Exercise aim
Between the line containing "theory Defs" and the line containing "d \<Longrightarrow> coeff" lies a run of lines; give that run again exactly, with both of those lines, and nothing else from the entries below.

(Stored dataset items)
▬▬▬▬▬▬▬▬▬▬

(* Let $f \in \Bbbk[t] \setminus \Bbbk$. Then $L(f) = \mathbb{W}_1 \cap \mathbb{W}[f]$, where the intersection is taken inside $\Bbbk(t)\partial$.
   Context: $\Bbbk$ is a field of characteristic zero. $\mathbb{W}_1 = \mathrm{Der}(\Bbbk[t]) = \Bbbk[t]\partial$ with $\partial = d/dt$ and bracket $[f\partial, g\partial] = (fg'-f'g)\partial$; it is viewed as a Lie subalgebra of $\Bbbk(t)\partial$. For $f,g \in \Bbbk[t]\setminus\{0\}$ with $f'g \in \Bbbk[f]$, write $L(f,g) = \Bbbk[f]\,g\partial$ (a Lie subalgebra of $\mathbb{W}_1$). Let $g_f$ be the unique monic polynomial of minimal degree with $f'g_f \in \Bbbk[f]$, and put $L(f) = L(f,g_f)$. $\mathbb{W}[f] = \mathrm{Der}(\Bbbk[f]) = \Bbbk[f]\partial_f$, identified with the subalgebra $\frac{1}{f'}\Bbbk[f]\partial$ of $\Bbbk(t)\partial$ (i.e. $\partial_f = \frac{1}{f'}\partial$). *)

theory Defs
  imports "HOL-Computational_Algebra.Polynomial_Factorial"
begin

text \<open>A derivation h \<partial> of k(t) is represented by its coefficient h :: 'a poly fract
  (an element of k(t)); the bracket plays no role in the statement.\<close>

definition in_kf :: "'a::comm_ring_1 poly \<Rightarrow> 'a poly \<Rightarrow> bool" where
  "in_kf f q \<longleftrightarrow> (\<exists>h. q = pcompose h f)"

definition gf :: "'a::field poly \<Rightarrow> 'a poly" where
  "gf f = (THE g. lead_coeff g = 1 \<and> in_kf f (pderiv f * g) \<and>
       (\<forall>g'. g' \<noteq> 0 \<longrightarrow> in_kf f (pderiv f * g') \<longrightarrow> degree g \<le> degree g'))"

definition Lfg :: "'a::field poly \<Rightarrow> 'a poly \<Rightarrow> 'a poly fract set" where
  "Lfg f g = {to_fract (pcompose h f * g) | h. True}"

definition Lf :: "'a::field poly \<Rightarrow> 'a poly fract set" where
  "Lf f = Lfg f (gf f)"

definition W1 :: "'a::field poly fract set" where
  "W1 = range to_fract"

text \<open>W[f] = k[f] \<partial>_f = (1/f') k[f] \<partial> inside k(t) \<partial>.\<close>
definition Wf :: "'a::field poly \<Rightarrow> 'a poly fract set" where
  "Wf f = {to_fract (pcompose h f) / to_fract (pderiv f) | h. True}"

end

(*
  Since f' \<noteq> 0, the elements of W\<^sub>1 \<inter> W[f] are the g \<partial> with g \<in> k[t] and f' g \<in> k[f].
  These g form a k[f]-module, which is nonzero because f' divides a nonzero element of k[f]
  (the residues of 1, f, ..., f^(deg f') modulo f' are linearly dependent). Comparing degrees
  in f' g = a(f) shows that the degrees of all nonzero such g agree modulo deg f, so the
  leading term of any such g is cancelled by c f^m g_f; by induction on the degree every
  such g lies in k[f] g_f.
*)

theory Submission
  imports Defs
begin

interpretation poly_smult: vector_space "smult :: 'a::field \<Rightarrow> 'a poly \<Rightarrow> 'a poly"
  by unfold_locales (simp_all add: smult_add_right smult_add_left)

lemma pcompose_monom: "pcompose (monom c n) q = smult c (q ^ n)"
  by (induction n) (simp_all add: monom_Suc pcompose_pCons monom_0)

lemma poly_eq_sum_monoms_below:
  assumes "\<And>k. k \<ge> d \<Longrightarrow> coeff p k = 0"
  shows "p = (\<Sum>k<d. monom (coeff p k) k)"
  using assms by (auto simp: poly_eq_iff coeff_sum not_le)

lemma coeff_mod_eq_0:
  fixes x p :: "'a::field poly"
  assumes "p \<noteq> 0" "k \<ge> degree p"
  shows "coeff (x mod p) k = 0"
proof (cases "x mod p = 0")
  case False
  then show ?thesis using degree_mod_less[OF assms(1), of x] assms(2) by (simp add: coeff_eq_0)
qed simp

lemma mod_in_span_monoms:
  fixes x p :: "'a::field poly"
  assumes "p \<noteq> 0"
  shows "x mod p \<in> poly_smult.span ((\<lambda>k. monom 1 k) ` {..<degree p})"
proof -
  have "x mod p = (\<Sum>k<degree p. smult (coeff (x mod p) k) (monom 1 k))"
    using poly_eq_sum_monoms_below[of "degree p" "x mod p"] coeff_mod_eq_0[OF assms]
    by (simp add: smult_monom)
  also have "\<dots> \<in> poly_smult.span ((\<lambda>k. monom 1 k) ` {..<degree p})"
    by (intro poly_smult.span_sum poly_smult.span_scale poly_smult.span_base) auto
  finally show ?thesis .
qed

lemma exists_nonzero_pcompose_multiple:
  fixes p q :: "'a::field poly"
  assumes "p \<noteq> 0"
  shows "\<exists>h. h \<noteq> 0 \<and> p dvd pcompose h q"
proof -
  define d where "d = degree p"
  define v where "v i = (q ^ i) mod p" for i
  show ?thesis
  proof (cases "inj_on v {..d}")
    case False
    then obtain i j where ij: "i \<noteq> j" "v i = v j"
      unfolding inj_on_def by auto
    have "monom 1 j - monom (1::'a) i \<noteq> 0"
      using ij(1) by (metis coeff_diff coeff_monom diff_zero one_neq_zero coeff_0)
    moreover have "p dvd pcompose (monom 1 j - monom 1 i) q"
      using ij(2)[symmetric] by (simp add: v_def pcompose_diff pcompose_monom mod_eq_dvd_iff)
    ultimately show ?thesis by blast
  next
    case True
    have "poly_smult.dependent (v ` {..d})"
    proof (rule ccontr)
      assume indep: "\<not> poly_smult.dependent (v ` {..d})"
      have "v ` {..d} \<subseteq> poly_smult.span ((\<lambda>k. monom 1 k) ` {..<d})"
        using mod_in_span_monoms[OF assms] by (auto simp: v_def d_def)
      from poly_smult.independent_span_bound[OF _ indep this]
      have "card (v ` {..d}) \<le> card ((\<lambda>k. monom (1::'a) k) ` {..<d})" by simp
      also have "\<dots> \<le> d" using card_image_le[of "{..<d}"] by simp
      finally show False using True by (simp add: card_image)
    qed
    then obtain u where u: "\<exists>w\<in>v ` {..d}. u w \<noteq> 0" "(\<Sum>w\<in>v ` {..d}. smult (u w) w) = 0"
      using poly_smult.dependent_finite[of "v ` {..d}"] by auto
    define h where "h = (\<Sum>i\<le>d. monom (u (v i)) i)"
    have "h \<noteq> 0"
    proof
      assume "h = 0"
      moreover obtain i where "i \<le> d" "u (v i) \<noteq> 0" using u(1) by auto
      moreover have "coeff h i = u (v i)" if "i \<le> d" for i
        using that by (simp add: h_def coeff_sum)
      ultimately show False by simp
    qed
    moreover have "p dvd pcompose h q"
    proof -
      have "(\<Sum>i\<le>d. smult (u (v i)) (v i)) = 0"
        using u(2) True by (simp add: sum.reindex)
      then have "pcompose h q = (\<Sum>i\<le>d. smult (u (v i)) (q ^ i - v i))"
        by (simp add: h_def pcompose_sum pcompose_monom smult_diff_right sum_subtractf)
      also have "p dvd \<dots>"
        by (intro dvd_sum dvd_smult) (simp add: v_def mod_eq_dvd_iff[symmetric])
      finally show ?thesis .
    qed
    ultimately show ?thesis by blast
  qed
qed

lemma degree_diff_less_same_lead:
  fixes p q :: "'a::field poly"
  assumes "degree p = degree q" "lead_coeff p = lead_coeff q" "p \<noteq> q"
  shows "degree (p - q) < degree p"
proof -
  have "coeff (p - q) (degree p) = 0" using assms(1,2) by simp
  moreover have "lead_coeff (p - q) \<noteq> 0"
    using assms(3) leading_coeff_neq_0[of "p - q"] by simp
  ultimately have "degree (p - q) \<noteq> degree p" by metis
  with degree_diff_le[of p "degree p" q] assms(1) show ?thesis by simp
qed

lemma in_kf_diff: "in_kf f p \<Longrightarrow> in_kf f q \<Longrightarrow> in_kf f (p - q)"
  unfolding in_kf_def by (metis pcompose_diff)

lemma in_kf_pcompose_mult: "in_kf f p \<Longrightarrow> in_kf f (pcompose a f * p)"
  unfolding in_kf_def by (metis pcompose_mult)

text \<open>For \<open>g \<in> k[t]\<close>, \<open>g \<partial> \<in> W[f]\<close> means \<open>f' g \<in> k[f]\<close>; such \<open>g\<close> are called admissible for \<open>f\<close>.\<close>
definition admissible :: "'a::idom poly \<Rightarrow> 'a poly \<Rightarrow> bool" where
  "admissible f g \<longleftrightarrow> in_kf f (pderiv f * g)"

lemma admissible_diff: "admissible f g \<Longrightarrow> admissible f g' \<Longrightarrow> admissible f (g - g')"
  unfolding admissible_def by (simp add: in_kf_diff right_diff_distrib)

lemma admissible_pcompose_mult: "admissible f g \<Longrightarrow> admissible f (pcompose a f * g)"
  unfolding admissible_def using in_kf_pcompose_mult[of f "pderiv f * g" a]
  by (simp add: mult.left_commute)

lemma admissible_smult: "admissible f g \<Longrightarrow> admissible f (smult c g)"
  using admissible_pcompose_mult[of f g "[:c:]"] by simp

lemma W1_inter_Wf:
  fixes f :: "'a::field poly"
  assumes "pderiv f \<noteq> 0"
  shows "W1 \<inter> Wf f = to_fract ` {g. admissible f g}"
proof -
  have "to_fract g = to_fract (pcompose h f) / to_fract (pderiv f) \<longleftrightarrow> pderiv f * g = pcompose h f"
    for g h :: "'a poly"
    using assms by (simp add: eq_divide_eq mult.commute flip: to_fract_mult)
  then show ?thesis
    unfolding W1_def Wf_def admissible_def in_kf_def by blast
qed

lemma exists_nonzero_admissible:
  fixes f :: "'a::field_char_0 poly"
  assumes "degree f \<ge> 1"
  shows "\<exists>g. g \<noteq> 0 \<and> admissible f g"
proof -
  have "pderiv f \<noteq> 0" using assms by (simp add: pderiv_eq_0_iff)
  then obtain h where h: "h \<noteq> 0" "pderiv f dvd pcompose h f"
    using exists_nonzero_pcompose_multiple by blast
  then obtain g where g: "pcompose h f = pderiv f * g" by (elim dvdE)
  have "pcompose h f \<noteq> 0" using h(1) assms pcompose_eq_0 by fastforce
  with g show ?thesis unfolding admissible_def in_kf_def by (metis mult_zero_right)
qed

lemma degree_admissible:
  fixes f :: "'a::field_char_0 poly"
  assumes "pderiv f * g = pcompose a f" "g \<noteq> 0" "degree f \<ge> 1"
  shows "degree g + (degree f - 1) = degree f * degree a"
proof -
  have "pderiv f \<noteq> 0" using assms(3) by (simp add: pderiv_eq_0_iff)
  then have "degree (pderiv f * g) = degree f - 1 + degree g"
    using assms(2) by (simp add: degree_mult_eq degree_pderiv)
  with assms(1) show ?thesis by (simp add: degree_pcompose mult.commute)
qed

lemma admissible_degree_step:
  fixes f :: "'a::field_char_0 poly"
  assumes "degree f \<ge> 1" "admissible f g0" "g0 \<noteq> 0" "admissible f g" "g \<noteq> 0"
    and "degree g0 \<le> degree g"
  shows "\<exists>m. degree g = degree g0 + degree f * m"
proof -
  obtain a0 a where "pderiv f * g0 = pcompose a0 f" "pderiv f * g = pcompose a f"
    using assms(2,4) unfolding admissible_def in_kf_def by blast
  then have d0: "degree g0 + (degree f - 1) = degree f * degree a0"
    and d: "degree g + (degree f - 1) = degree f * degree a"
    using degree_admissible assms by blast+
  then have "degree f * degree a0 \<le> degree f * degree a" using assms(6) by linarith
  then have "degree a0 \<le> degree a" using assms(1) by simp
  then have "degree f * degree a = degree f * degree a0 + degree f * (degree a - degree a0)"
    by (simp add: diff_mult_distrib2)
  with d d0 show ?thesis by (intro exI[of _ "degree a - degree a0"]) linarith
qed

lemma admissible_imp_kf_multiple:
  fixes f :: "'a::field_char_0 poly"
  assumes "degree f \<ge> 1" "admissible f g0" "g0 \<noteq> 0"
    and minimal: "\<And>g. g \<noteq> 0 \<Longrightarrow> admissible f g \<Longrightarrow> degree g0 \<le> degree g"
    and "admissible f g"
  shows "\<exists>h. g = pcompose h f * g0"
  using \<open>admissible f g\<close>
proof (induction "degree g" arbitrary: g rule: less_induct)
  case less
  show ?case
  proof (cases "g = 0")
    case True
    then show ?thesis by (intro exI[of _ 0]) simp
  next
    case False
    obtain m where m: "degree g = degree g0 + degree f * m"
      using admissible_degree_step[OF assms(1-3) less.prems False minimal[OF False less.prems]] by blast
    define c where "c = lead_coeff g / lead_coeff (f ^ m * g0)"
    define t where "t = pcompose (monom c m) f * g0"
    have f0: "f \<noteq> 0" using assms(1) by auto
    have t: "t = smult c (f ^ m * g0)" by (simp add: t_def pcompose_monom)
    have "c \<noteq> 0" using False f0 assms(3) by (simp add: c_def)
    then have deg_t: "degree t = degree g"
      using f0 assms(3) m by (simp add: t degree_mult_eq degree_power_eq)
    have lead_t: "lead_coeff t = lead_coeff g"
      using f0 assms(3) by (simp add: t c_def lead_coeff_smult)
    have "admissible f (g - t)"
      unfolding t_def by (intro admissible_diff admissible_pcompose_mult less.prems assms(2))
    show ?thesis
    proof (cases "g = t")
      case True
      then show ?thesis unfolding t_def by blast
    next
      case False
      then have "degree (g - t) < degree g"
        using degree_diff_less_same_lead[OF deg_t[symmetric] lead_t[symmetric]] by blast
      then obtain h where "g - t = pcompose h f * g0"
        using less.hyps \<open>admissible f (g - t)\<close> by blast
      then have "g = pcompose (h + monom c m) f * g0"
        by (simp add: t_def pcompose_add algebra_simps)
      then show ?thesis by blast
    qed
  qed
qed

lemma ex1_minimal_monic_admissible:
  fixes f :: "'a::field_char_0 poly"
  assumes "degree f \<ge> 1"
  shows "\<exists>!g. lead_coeff g = 1 \<and> admissible f g \<and>
    (\<forall>g'. g' \<noteq> 0 \<longrightarrow> admissible f g' \<longrightarrow> degree g \<le> degree g')"
    (is "\<exists>!g. ?minimal g")
proof (rule ex_ex1I)
  obtain g1 where g1: "g1 \<noteq> 0" "admissible f g1"
    and min: "\<And>g. g \<noteq> 0 \<Longrightarrow> admissible f g \<Longrightarrow> degree g1 \<le> degree g"
    using ex_has_least_nat[where m = degree and P = "\<lambda>g. g \<noteq> 0 \<and> admissible f g"]
      exists_nonzero_admissible[OF assms] by blast
  have "?minimal (smult (inverse (lead_coeff g1)) g1)"
    using g1 min by (simp add: admissible_smult lead_coeff_smult)
  then show "\<exists>g. ?minimal g" by blast
next
  fix g g' assume g: "?minimal g" and g': "?minimal g'"
  then have "g \<noteq> 0" "g' \<noteq> 0" by auto
  with g g' have "degree g = degree g'" by (simp add: le_antisym)
  show "g = g'"
  proof (rule ccontr)
    assume "g \<noteq> g'"
    with \<open>degree g = degree g'\<close> g g' have "degree (g - g') < degree g"
      by (intro degree_diff_less_same_lead) auto
    moreover have "admissible f (g - g')" using g g' by (simp add: admissible_diff)
    then have "degree g \<le> degree (g - g')" using g \<open>g \<noteq> g'\<close> by simp
    ultimately show False by simp
  qed
qed

lemma gf_minimal:
  fixes f :: "'a::field_char_0 poly"
  assumes "degree f \<ge> 1"
  shows "lead_coeff (gf f) = 1" "admissible f (gf f)"
    and "\<And>g. g \<noteq> 0 \<Longrightarrow> admissible f g \<Longrightarrow> degree (gf f) \<le> degree g"
  using theI'[OF ex1_minimal_monic_admissible[OF assms]]
  unfolding gf_def admissible_def by blast+

lemma Lf_eq_admissible:
  fixes f :: "'a::field_char_0 poly"
  assumes "degree f \<ge> 1"
  shows "Lf f = to_fract ` {g. admissible f g}"
proof -
  note gf = gf_minimal[OF assms]
  have "gf f \<noteq> 0" using gf(1) by auto
  have "{g. admissible f g} = {pcompose h f * gf f | h. True}"
    using admissible_imp_kf_multiple[OF assms gf(2) \<open>gf f \<noteq> 0\<close> gf(3)]
      admissible_pcompose_mult[OF gf(2)] by auto
  then show ?thesis unfolding Lf_def Lfg_def by (auto simp: image_def simp del: to_fract_mult)
qed

theorem mainTheorem1:
  fixes f :: "'k::field_char_0 poly"
  assumes "degree f \<ge> 1"
  shows "Lf f = W1 \<inter> Wf f"
proof -
  have "pderiv f \<noteq> 0" using assms by (simp add: pderiv_eq_0_iff)
  with Lf_eq_admissible[OF assms] show ?thesis by (simp add: W1_inter_Wf)
qed

end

▬▬▬▬▬▬▬▬▬▬

Answer to this exercise
theory Defs
  imports "HOL-Computational_Algebra.Polynomial_Factorial"
begin

text \<open>A derivation h \<partial> of k(t) is represented by its coefficient h :: 'a poly fract
  (an element of k(t)); the bracket plays no role in the statement.\<close>

definition in_kf :: "'a::comm_ring_1 poly \<Rightarrow> 'a poly \<Rightarrow> bool" where
  "in_kf f q \<longleftrightarrow> (\<exists>h. q = pcompose h f)"

definition gf :: "'a::field poly \<Rightarrow> 'a poly" where
  "gf f = (THE g. lead_coeff g = 1 \<and> in_kf f (pderiv f * g) \<and>
       (\<forall>g'. g' \<noteq> 0 \<longrightarrow> in_kf f (pderiv f * g') \<longrightarrow> degree g \<le> degree g'))"

definition Lfg :: "'a::field poly \<Rightarrow> 'a poly \<Rightarrow> 'a poly fract set" where
  "Lfg f g = {to_fract (pcompose h f * g) | h. True}"

definition Lf :: "'a::field poly \<Rightarrow> 'a poly fract set" where
  "Lf f = Lfg f (gf f)"

definition W1 :: "'a::field poly fract set" where
  "W1 = range to_fract"

text \<open>W[f] = k[f] \<partial>_f = (1/f') k[f] \<partial> inside k(t) \<partial>.\<close>
definition Wf :: "'a::field poly \<Rightarrow> 'a poly fract set" where
  "Wf f = {to_fract (pcompose h f) / to_fract (pderiv f) | h. True}"

end

(*
  Since f' \<noteq> 0, the elements of W\<^sub>1 \<inter> W[f] are the g \<partial> with g \<in> k[t] and f' g \<in> k[f].
  These g form a k[f]-module, which is nonzero because f' divides a nonzero element of k[f]
  (the residues of 1, f, ..., f^(deg f') modulo f' are linearly dependent). Comparing degrees
  in f' g = a(f) shows that the degrees of all nonzero such g agree modulo deg f, so the
  leading term of any such g is cancelled by c f^m g_f; by induction on the degree every
  such g lies in k[f] g_f.
*)

theory Submission
  imports Defs
begin

interpretation poly_smult: vector_space "smult :: 'a::field \<Rightarrow> 'a poly \<Rightarrow> 'a poly"
  by unfold_locales (simp_all add: smult_add_right smult_add_left)

lemma pcompose_monom: "pcompose (monom c n) q = smult c (q ^ n)"
  by (induction n) (simp_all add: monom_Suc pcompose_pCons monom_0)

lemma poly_eq_sum_monoms_below:
  assumes "\<And>k. k \<ge> d \<Longrightarrow> coeff p k = 0"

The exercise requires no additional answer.